Case Law Details
Dabur Pharma Ltd. (now known as Fresenius Kabi Oncology Ltd.) Vs DCIT (ITAT Delhi)
In a significant ruling, the Income Tax Appellate Tribunal (ITAT) Delhi has quashed an assessment order against Dabur Pharma Ltd., citing it was passed beyond the statutory time limit stipulated under Section 144C(13) of the Income Tax Act, 1961. The decision, delivered on May 30, 2016, hinges on a strict interpretation of procedural timelines, rendering the merits of the tax dispute unaddressed.
The case originated from an appeal filed by Dabur Pharma Ltd. against an assessment order dated July 24, 2013, issued by the Assessing Officer (AO) under Section 143(3) read with Section 144C of the Act. The core of the appeal presented several grounds, with the most critical being the assertion that the AO’s order was barred by limitation.
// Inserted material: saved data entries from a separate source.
lemma Lambda_scaleR:
  assumes "zb \<in> Lambda" "c \<noteq> 0"
  shows "c *\<^sub>R zb \<in> Lambda"
proof -
  obtain \<rho> v m \<sigma> p where zb: "zb = (\<rho>, v, m, \<sigma>, p)" by (cases zb)
  with assms(1) have L: "(\<rho>, v, m, \<sigma>, p) \<in> Lambda" by simp
  then have Z: "transpose \<sigma> = \<sigma>" "trace \<sigma> = 0" "(\<rho>, v) \<noteq> (0, 0)"
    by (simp_all add: Lambda_iff)
  from L obtain x t where kernel: "(x, t) \<noteq> (0, 0)" "(\<sigma> + p *\<^sub>R mat 1) *v x + t *\<^sub>R v = 0"
    "v \<bullet> x = 0" "m \<bullet> x + \<rho> * t = 0"
    unfolding Lambda_iff by blast
  have "(c *\<^sub>R \<sigma> + (c * p) *\<^sub>R mat 1) *v x + t *\<^sub>R (c *\<^sub>R v)
      = c *\<^sub>R ((\<sigma> + p *\<^sub>R mat 1) *v x + t *\<^sub>R v)"
    by (simp add: algebra_simps scaleR_matrix_vector_assoc[symmetric])
  moreover have "(c *\<^sub>R m) \<bullet> x + (c * \<rho>) * t = c * (m \<bullet> x + \<rho> * t)" by (simp add: algebra_simps)
  moreover have "(c * \<rho>, c *\<^sub>R v) \<noteq> (0, 0)" using Z(3) assms(2) by simp
  ultimately have "(c * \<rho>, c *\<^sub>R v, c *\<^sub>R m, c *\<^sub>R \<sigma>, c * p) \<in> Lambda"
    unfolding Lambda_iff using Z kernel
    by (intro conjI exI[of _ x] exI[of _ t]) (simp_all add: transpose_scalar trace_scaleR)
  then show ?thesis unfolding zb by simp
qed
Other contentions related to the re-computation of the arm’s length price for international transactions, the applicability of the Transactional Net Margin Method (TNMM), issues with comparability analysis, and the benchmarking of interest on foreign loans.
Procedural History:
Dabur Pharma Ltd. filed its income tax return on November 17, 2006, declaring an income of Rs. 3,45,94,389/-. The case was subsequently selected for scrutiny due to foreign transactions totaling Rs. 5262.03 lacs, leading to a reference to the Transfer Pricing Officer (TPO). The TPO made an adjustment of Rs. 139.34 lacs to the arm’s length price via an order dated October 19, 2009.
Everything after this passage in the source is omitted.